I'll bet most people don't realize how appropriate the label "Red state" really is. Though one usually pictures the denizen of a Red state as a gun-toting fag-hating Capitalist cowboy, it turns out that only 75% of that stereotype is accurate...rather than living up to the Capitalist ideals they claim to cherish, the Red states are actually redder than Communist tomatoes. (Though that's not really a good bit of imagry, because Communist tomatoes would be devoured by the starving proletariat masses long before they could ripen into redness.)

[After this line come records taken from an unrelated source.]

lemma shiftvec_eq:
  assumes "m \<le> i" "i \<le> n"
  shows "shiftvec n i m u v = (if 1 \<le> u \<and> u \<le> m \<and> v = i+1-u then 1 else 0)
                             - (if 1 \<le> u \<and> u+1 \<le> m \<and> v = i-u then 1 else 0)"
proof -
  have raised: "evec n t (i+1-t) u v = (if t = u then (if v = i+1-u \<and> (u,v) \<in> idx n then 1 else 0) else 0)"
    for t by (auto simp: evec_def)
  have lowered: "evec n (t-1) (i+1-t) u v
      = (if t = Suc u then (if 0 < u \<and> v = i-u \<and> (u,v) \<in> idx n then 1 else 0) else 0)" for t
    by (auto simp: evec_def idx_def)
  have "shiftvec n i m u v
      = (\<Sum>t=1..m. evec n t (i+1-t) u v) - (\<Sum>t=1..m. evec n (t-1) (i+1-t) u v)"
    by (simp add: shiftvec_def sum_subtractf)
  also have "(\<Sum>t=1..m. evec n t (i+1-t) u v) = (if 1 \<le> u \<and> u \<le> m \<and> v = i+1-u then 1 else 0)"
    unfolding raised using assms by (auto simp: idx_def)
  also have "(\<Sum>t=1..m. evec n (t-1) (i+1-t) u v) = (if 1 \<le> u \<and> u+1 \<le> m \<and> v = i-u then 1 else 0)"
    unfolding lowered using assms by (auto simp: idx_def)
  finally show ?thesis .
qed

lemma Binf_add_shiftvec:
  assumes b: "b \<in> Binf n" and i: "1 \<le> i" "i \<le> n" and m: "1 \<le> m" "m \<le> i"
    and gap: "2 \<le> m \<Longrightarrow> b m (i-m) < b (m-1) (i+1-m)"
  shows "(\<lambda>u v. b u v + shiftvec n i m u v) \<in> Binf n"
proof -
  note sv = shiftvec_eq[OF m(2) i(2)]
  have outside: "b s t + shiftvec n i m s t = 0" if "(s,t) \<notin> idx n" for s t
    using that Binf_outside_idx[OF b] i m by (auto simp: sv idx_def)
  have nonneg: "0 \<le> b s t + shiftvec n i m s t" for s t
  proof (cases "1 \<le> s \<and> s+1 \<le> m \<and> t = i-s")
    case True
    have "b (m-1) (i-1+1-(m-1)) \<le> b s (i-1+1-s)"
      by (rule Binf_diagonal_antimono[OF b]) (use True i m in auto)
    moreover have "i-1+1-(m-1) = i+1-m" "i-1+1-s = i-s" using True m by auto
    moreover have "0 \<le> b m (i-m)" by (rule Binf_nonneg[OF b])
    moreover have "-1 \<le> shiftvec n i m s t" unfolding sv by auto
    ultimately show ?thesis using gap True by force
  next
    case False
    then have "0 \<le> shiftvec n i m s t" unfolding sv by auto
    then show ?thesis using Binf_nonneg[OF b, of s t] by simp
  qed
  have chain: "b (j+1) (k-j) + shiftvec n i m (j+1) (k-j) \<le> b j (k+1-j) + shiftvec n i m j (k+1-j)"
    if jk: "k \<le> n" "1 \<le> j" "j < k" for j k
  proof -
    have old: "b (j+1) (k-j) \<le> b j (k+1-j)" by (rule Binf_diagonal_step[OF b]) (use jk in auto)
    show ?thesis
    proof (cases "k = i-1 \<and> j+1 = m")
      case True
      then have idx: "k - j = i - m" "k+1-j = i+1-m" "2 \<le> m" "j = m - 1" using jk m by auto
      have "shiftvec n i m (j+1) (k-j) = 0" "shiftvec n i m j (k+1-j) = -1"
        unfolding sv using idx m by auto
      then show ?thesis using gap idx by simp
    next
      case False
      then have "shiftvec n i m (j+1) (k-j) \<le> shiftvec n i m j (k+1-j)"
        unfolding sv using jk m i by auto
      then show ?thesis using old by simp
    qed
  qed
  show ?thesis unfolding Binf_def using outside nonneg chain by auto
qed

Red states tend to be the states that benefit most from our federal tax/aid system, becoming the "winners" in our wealth-redistribution lottery. For
instance, states that voted for Al Gore in the 2000 election received an average of $0.87 for every dollar they paid in Federal taxes in fiscal 2002, while states that voted for Bush received an average of $1.12. Interestingly, the two closest states in the 2000 election (Florida and Oregon) each received an even $1.00. In
the 2000 election, 76% percent of the "winning" states went to Bush, with 17 of the top 20 winners voting for Dubya. The "loser" states were predominantly Blue, supporting the Anybody But The Chimp ticket. Granted, the District of Columbia is a solid Blue state that is the biggest "winner" of them all--with around $6.00 in for every dollar out--but I think we can all see why DC might be a special case.
So it seems that the Red states should really be counting their blessings that those godless baby-eating liberals are also pinkos, because only pinkos would be okay with footing the bill for the failed economies and third-world social service SNAFUs of Red America. Small wonder that the neo-con movement is quickly leaving behind the philosophy of fiscal responsibility their party once campaigned upon; they are the ones reaping the greatest rewards for irresponsibility, and they know that the foolish Commies of the liberal Northeast will pick up the tab.
Republicans also seem to be surprisingly inept in the very areas that popular lore tells us are their strong points. If you look at
statistics from the last 60 years, the averages for unemployment, GDP growth, and inflation under Democratic presidents are significantly healthier than the averages for those indicators under Republican presidents. Contrary to "Spend-o-crat" myth, the average increase in Federal spending is higher for the Republican presidents than for the Democratic CICs, and the average yearly deficit increases are higher under Republican presidents. The proverbial buck doesn't stop with the President, either; recent
numbers on the state level show that state legislatures controlled by Republicans increased spending an average of 6.54% per year from 1997 to 2002, compared with 6.17% for legislatures run by Democrats. Even the average number of new Federal employees is higher for Republicans than for Democrats, which seems odd when one considers that conservatives supposedly favor smaller government.
What I find especially funny is that the word "liberal" is used as a smear against the very sort of fiscal irresponsibility that the neo-cons are practicing, while a classic liberal is far more fiscally conservative than the GOP has been in decades.